lemma sum_eq_initial:
  assumes "t \<ge> 0"
  shows "(\<Sum>w\<in>UNIV. z t w) = (\<Sum>w\<in>UNIV. z 0 w)"
proof -
  have deriv: "((\<lambda>t. \<Sum>w\<in>UNIV. z t w) has_real_derivative 0) (at t within {0..})" if "t \<ge> 0" for t
  proof -
    have "(\<Sum>w\<in>UNIV. a * ((if w = c then 1 else 0) - softmax (z t) w)) = 0"
      using sum_softmax[of "z t"] by (simp add: sum_subtractf sum_distrib_left[symmetric])
    then show ?thesis using DERIV_sum[of UNIV z, OF has_deriv[OF that]] by simp
  qed
  show ?thesis
    using DERIV_ge_imp_linear_lower_bound[OF deriv, of 0 t] DERIV_le_imp_linear_upper_bound[OF deriv, of 0 t] assms
    by simp
qed

text \<open>The target coordinate is determined by the conserved total and the margins.\<close>
lemma div_ln_tendsto: "((\<lambda>t. z t y / ln t) \<longlongrightarrow> (if y = c then 1 else 0) - 1 / real CARD('m)) at_top"
proof -
  define M where "M = real CARD('m)"
  define S0 where "S0 = (\<Sum>w\<in>UNIV. z 0 w)"
  define X where "X t = (\<Sum>w\<in>UNIV - {c}. z t c - z t w)" for t
  have "M > 0" by (simp add: M_def)
  have target_eq: "z t c = (S0 + X t) / M" if "t \<ge> 0" for t
  proof -
    have "X t = (M - 1) * z t c - (\<Sum>w\<in>UNIV - {c}. z t w)"
      by (simp add: X_def sum_subtractf M_def card_Diff_subset)
    moreover have "(\<Sum>w\<in>UNIV. z t w) = z t c + (\<Sum>w\<in>UNIV - {c}. z t w)"
      by (simp add: sum.remove[of UNIV c])
    ultimately show ?thesis
      using sum_eq_initial[OF that] \<open>M > 0\<close> by (simp add: S0_def field_simps)
  qed
  have "((\<lambda>t. X t / ln t) \<longlongrightarrow> (\<Sum>w\<in>UNIV - {c}. 1)) at_top"
    unfolding X_def sum_divide_distrib by (intro tendsto_sum margin_div_ln_tendsto) simp
  then have "((\<lambda>t. (S0 / ln t + X t / ln t) / M) \<longlongrightarrow> (0 + (M - 1)) / M) at_top"
    by (intro tendsto_divide tendsto_add tendsto_const)
       (use \<open>M > 0\<close> in \<open>real_asymp, simp_all add: M_def card_Diff_subset\<close>)
  moreover have "\<forall>\<^sub>F t in at_top. (S0 / ln t + X t / ln t) / M = z t c / ln t"
    using eventually_ge_at_top[of 0]
    by eventually_elim (simp add: target_eq add_divide_distrib mult.commute)
  ultimately have target: "((\<lambda>t. z t c / ln t) \<longlongrightarrow> 1 - 1 / M) at_top"
    using \<open>M > 0\<close> by (auto intro: Lim_transform_eventually simp: field_simps)
  show ?thesis
  proof (cases "y = c")
    case False
    have "((\<lambda>t. z t c / ln t - (z t c - z t y) / ln t) \<longlongrightarrow> (1 - 1 / M) - 1) at_top"
      by (intro tendsto_diff target margin_div_ln_tendsto False)
    then show ?thesis using False by (simp add: M_def diff_divide_distrib)
  qed (use target in \<open>simp add: M_def\<close>)
qed

end

lemma GDERIV_unique:
  assumes "GDERIV f x :> D" "GDERIV f x :> D'"
  shows "D = D'"
proof -
  have "(\<lambda>h. h \<bullet> D) = (\<lambda>h. h \<bullet> D')"
    using has_derivative_unique assms unfolding gderiv_def by blast
  then have "(D - D') \<bullet> (D - D') = 0"
    by (metis inner_diff_right right_minus_eq)
  then show ?thesis by simp
qed

lemma orthonormal_family_inner_sum:
  fixes B :: "'k::finite \<Rightarrow> 'a::real_inner"
  assumes "orthonormal_family B"
  shows "(\<Sum>k\<in>UNIV. c k *\<^sub>R B k) \<bullet> B j = (c j :: real)"
proof -
  have "(\<Sum>k\<in>UNIV. c k *\<^sub>R B k) \<bullet> B j = (\<Sum>k\<in>UNIV. c k * (B k \<bullet> B j))"
    by (simp add: inner_sum_left)
  also have "\<dots> = (\<Sum>k\<in>UNIV. if k = j then c k else 0)"
    using assms unfolding orthonormal_family_def by (intro sum.cong) auto
  finally show ?thesis by simp
qed

lemma has_real_derivative_orthonormal_coordinate:
  fixes B :: "'k::finite \<Rightarrow> 'a::real_inner"
  assumes "orthonormal_family B"
    and "(W has_vector_derivative (\<Sum>k\<in>UNIV. c k *\<^sub>R B k)) (at t within S)"
  shows "((\<lambda>t. W t \<bullet> B j) has_real_derivative c j) (at t within S)"
  using bounded_linear.has_vector_derivative[OF bounded_linear_inner_left assms(2), of "B j"]
  by (simp add: orthonormal_family_inner_sum[OF assms(1)] has_real_derivative_iff_has_vector_derivative)

text \<open>The component of \<open>W t\<close> orthogonal to all \<open>B k\<close> is conserved, so it vanishes after dividing by \<open>ln t\<close>.\<close>
lemma tendsto_div_ln_of_orthonormal_coordinates:
  fixes B :: "'k::finite \<Rightarrow> 'a::real_inner" and W :: "real \<Rightarrow> 'a"
  assumes orth: "orthonormal_family B"
    and flow: "\<And>t. t \<ge> 0 \<Longrightarrow> (W has_vector_derivative (\<Sum>k\<in>UNIV. c t k *\<^sub>R B k)) (at t within {0..})"
    and coord: "\<And>k. ((\<lambda>t. (W t \<bullet> B k) / ln t) \<longlongrightarrow> l k) at_top"
  shows "((\<lambda>t. (1 / ln t) *\<^sub>R W t) \<longlongrightarrow> (\<Sum>k\<in>UNIV. l k *\<^sub>R B k)) at_top"
proof -
  define R where "R t = W t - (\<Sum>k\<in>UNIV. (W t \<bullet> B k) *\<^sub>R B k)" for t
  have "(R has_vector_derivative 0) (at t within {0..})" if "t \<ge> 0" for t
  proof -
    have "(R has_vector_derivative
        (\<Sum>k\<in>UNIV. c t k *\<^sub>R B k) - (\<Sum>k\<in>UNIV. c t k *\<^sub>R B k)) (at t within {0..})"
      unfolding R_def
      using flow[OF that] has_real_derivative_orthonormal_coordinate[OF orth flow[OF that]]
      by (auto intro!: derivative_eq_intros simp: has_real_derivative_iff_has_vector_derivative)
    then show ?thesis by simp
  qed
  then obtain R0 where R0: "\<And>t. t \<ge> 0 \<Longrightarrow> R t = R0"
    using has_derivative_zero_constant[of "{0::real..}" R] unfolding has_vector_derivative_def
    by (auto simp: convex_real_interval)
  have "((\<lambda>t. (1 / ln t) *\<^sub>R R0 + (\<Sum>k\<in>UNIV. ((W t \<bullet> B k) / ln t) *\<^sub>R B k))
      \<longlongrightarrow> 0 *\<^sub>R R0 + (\<Sum>k\<in>UNIV. l k *\<^sub>R B k)) at_top"
    by (intro tendsto_add tendsto_scaleR tendsto_sum tendsto_const coord) real_asymp
  moreover have "\<forall>\<^sub>F t in at_top.
      (1 / ln t) *\<^sub>R R0 + (\<Sum>k\<in>UNIV. ((W t \<bullet> B k) / ln t) *\<^sub>R B k) = (1 / ln t) *\<^sub>R W t"
    using eventually_ge_at_top[of 0]
  proof eventually_elim
    case (elim t)
    have "W t = R0 + (\<Sum>k\<in>UNIV. (W t \<bullet> B k) *\<^sub>R B k)"
      using R0[OF elim] by (simp add: R_def algebra_simps)
    then have "(1 / ln t) *\<^sub>R W t = (1 / ln t) *\<^sub>R (R0 + (\<Sum>k\<in>UNIV. (W t \<bullet> B k) *\<^sub>R B k))"
      by (rule arg_cong)
    also have "\<dots> = (1 / ln t) *\<^sub>R R0 + (\<Sum>k\<in>UNIV. ((W t \<bullet> B k) / ln t) *\<^sub>R B k)"
      by (simp add: scaleR_add_right scaleR_sum_right)
    finally show ?case by (rule sym)
  qed
  ultimately show ?thesis by (auto intro: Lim_transform_eventually)
qed

lemma orth_proj_eqI:
  assumes "subspace S" "q \<in> S" "\<And>s. s \<in> S \<Longrightarrow> (v - q) \<bullet> s = 0"
  shows "orth_proj S v = q"
  unfolding orth_proj_def
proof (rule the_equality)
  fix q' assume q': "q' \<in> S \<and> (\<forall>s\<in>S. (v - q') \<bullet> s = 0)"
  then have "q' - q \<in> S" using assms(1,2) by (simp add: subspace_diff)
  then have "(v - q) \<bullet> (q' - q) = 0" "(v - q') \<bullet> (q' - q) = 0"
    using assms(3) q' by auto
  then have "(q' - q) \<bullet> (q' - q) = 0"
    by (simp add: inner_diff_left inner_diff_right inner_commute algebra_simps)
  then show "q' = q" by simp
qed (use assms in auto)

text \<open>The span of the differences is the orthogonal complement of \<open>\<Sum>y. u y\<close> within the span of \<open>u\<close>.\<close>
lemma orth_proj_span_differences:
  fixes u :: "'m::finite \<Rightarrow> 'a::real_inner"
  assumes "orthonormal_family u"
  shows "orth_proj (span {u i - u j | i j. True}) (u k)
           = u k - (1 / real CARD('m)) *\<^sub>R (\<Sum>y\<in>UNIV. u y)"
proof (rule orth_proj_eqI)
  define M where "M = real CARD('m)"
  define D where "D = {u i - u j | i j. True}"
  have "u k - (1 / M) *\<^sub>R (\<Sum>y\<in>UNIV. u y) = (1 / M) *\<^sub>R (\<Sum>y\<in>UNIV. u k - u y)"
    by (simp add: sum_subtractf scaleR_diff_right real_vector.sum_constant_scale M_def)
  also have "\<dots> \<in> span D"
  proof (intro span_mul span_sum span_base)
    show "u k - u y \<in> D" for y unfolding D_def by blast
  qed
  finally show "u k - (1 / real CARD('m)) *\<^sub>R (\<Sum>y\<in>UNIV. u y) \<in> span {u i - u j | i j. True}"
    by (simp add: M_def D_def)
  fix s assume "s \<in> span {u i - u j | i j. True}"
  then have "s \<in> span D" by (simp add: D_def)
  moreover have "(\<Sum>y\<in>UNIV. u y) \<bullet> u i = 1" for i
    using assms unfolding orthonormal_family_def by (simp add: inner_sum_left)
  then have "orthogonal (\<Sum>y\<in>UNIV. u y) d" if "d \<in> D" for d
    using that unfolding D_def orthogonal_def by (auto simp: inner_diff_right)
  ultimately have "orthogonal (\<Sum>y\<in>UNIV. u y) s"
    by (rule orthogonal_to_span)
  then show "(u k - (u k - (1 / real CARD('m)) *\<^sub>R (\<Sum>y\<in>UNIV. u y))) \<bullet> s = 0"
    by (simp add: orthogonal_def)
qed (rule subspace_span)

lemma sum_UNIV_pair:
  "(\<Sum>(x, y)\<in>(UNIV :: ('a::finite \<times> 'b::finite) set). g x y) = (\<Sum>x\<in>UNIV. \<Sum>y\<in>UNIV. g x y)"
  by (simp add: sum.cartesian_product del: UNIV_Times_UNIV flip: UNIV_Times_UNIV)

lemma inner_outer_outer: "outer a b \<bullet> outer a' b' = (a \<bullet> a') * (b \<bullet> b')"
  unfolding outer_def inner_vec_def by (simp add: sum_product algebra_simps)

lemma inner_outer: "(W :: real^'d^'d) \<bullet> outer a b = a \<bullet> (W *v b)"
  unfolding outer_def inner_vec_def matrix_vector_mult_def
  by (simp add: sum_distrib_left algebra_simps)

lemma outer_sum_scaleR_left: "outer (\<Sum>y\<in>A. f y *\<^sub>R v y) b = (\<Sum>y\<in>A. f y *\<^sub>R outer (v y) b)"
  unfolding outer_def by (simp add: vec_eq_iff sum_distrib_left algebra_simps)

lemma orthonormal_family_outer:
  assumes "orthonormal_family e" "orthonormal_family u"
  shows "orthonormal_family (\<lambda>(x, y). outer (u y) (e x))"
  using assms unfolding orthonormal_family_def by (auto simp: inner_outer_outer)

lemma loss_eq:
  fixes e :: "'n::finite \<Rightarrow> real^'d" and u :: "'m::finite \<Rightarrow> real^'d"
  shows "loss p e u fstar = (\<lambda>W. - (\<Sum>x\<in>UNIV. p x * (W \<bullet> outer (u (fstar x)) (e x)
       - ln (\<Sum>z\<in>UNIV. exp (W \<bullet> outer (u z) (e x))))))"
proof
  fix W :: "real^'d^'d"
  have "ln (pW e u W x (fstar x))
      = W \<bullet> outer (u (fstar x)) (e x) - ln (\<Sum>z\<in>UNIV. exp (W \<bullet> outer (u z) (e x)))" for x
    using sum_exp_pos[of "\<lambda>z. W \<bullet> outer (u z) (e x)"]
    unfolding pW_def by (simp add: ln_div inner_outer)
  then show "loss p e u fstar W = - (\<Sum>x\<in>UNIV. p x * (W \<bullet> outer (u (fstar x)) (e x)
       - ln (\<Sum>z\<in>UNIV. exp (W \<bullet> outer (u z) (e x)))))"
    unfolding loss_def by simp
qed

lemma loss_has_gradient:
  "GDERIV (loss p e u fstar) W :> - (\<Sum>(x, y)\<in>UNIV.
     (p x * ((if y = fstar x then 1 else 0) - softmax (\<lambda>z. W \<bullet> outer (u z) (e x)) y)) *\<^sub>R outer (u y) (e x))"
proof -
  let ?B = "\<lambda>x y. outer (u y) (e x)"
  let ?Z = "\<lambda>x. \<Sum>z\<in>UNIV. exp (W \<bullet> ?B x z)"
  have "(loss p e u fstar has_derivative (\<lambda>h. - (\<Sum>x\<in>UNIV. p x * (h \<bullet> ?B x (fstar x)
       - (\<Sum>z\<in>UNIV. exp (W \<bullet> ?B x z) * (h \<bullet> ?B x z)) / ?Z x)))) (at W)"
    unfolding loss_eq using sum_exp_pos
    by (auto intro!: derivative_eq_intros simp: sum_divide_distrib[symmetric] divide_inverse mult.commute)
  moreover have "- (\<Sum>x\<in>UNIV. p x * (h \<bullet> ?B x (fstar x) - (\<Sum>z\<in>UNIV. exp (W \<bullet> ?B x z) * (h \<bullet> ?B x z)) / ?Z x))
      = h \<bullet> - (\<Sum>(x, y)\<in>UNIV. (p x * ((if y = fstar x then 1 else 0)
            - softmax (\<lambda>z. W \<bullet> ?B x z) y)) *\<^sub>R ?B x y)" for h
  proof -
    have "(\<Sum>y\<in>UNIV. p x * ((if y = fstar x then 1 else 0) - softmax (\<lambda>z. W \<bullet> ?B x z) y) * (h \<bullet> ?B x y))
        = p x * (h \<bullet> ?B x (fstar x) - (\<Sum>z\<in>UNIV. exp (W \<bullet> ?B x z) * (h \<bullet> ?B x z)) / ?Z x)" for x
      by (simp add: softmax_def algebra_simps sum_subtractf sum_distrib_left sum_divide_distrib
          if_distrib[of "\<lambda>v. v * _"] if_distrib[of "\<lambda>v. _ * v"] cong: if_cong)
    then show ?thesis
      by (simp add: inner_sum_right sum_UNIV_pair)
  qed
  ultimately show ?thesis unfolding gderiv_def by simp
qed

◇ ◇ ◇ ◇ ◇ ◇ ◇

Goal of the exercise
From the opening line of the data above through the line holding "- softmax (z", give every line again exactly as it stands.

Answer for the task
lemma sum_eq_initial:
  assumes "t \<ge> 0"
  shows "(\<Sum>w\<in>UNIV. z t w) = (\<Sum>w\<in>UNIV. z 0 w)"
proof -
  have deriv: "((\<lambda>t. \<Sum>w\<in>UNIV. z t w) has_real_derivative 0) (at t within {0..})" if "t \<ge> 0" for t
  proof -
    have "(\<Sum>w\<in>UNIV. a * ((if w = c then 1 else 0) - softmax (z t) w)) = 0"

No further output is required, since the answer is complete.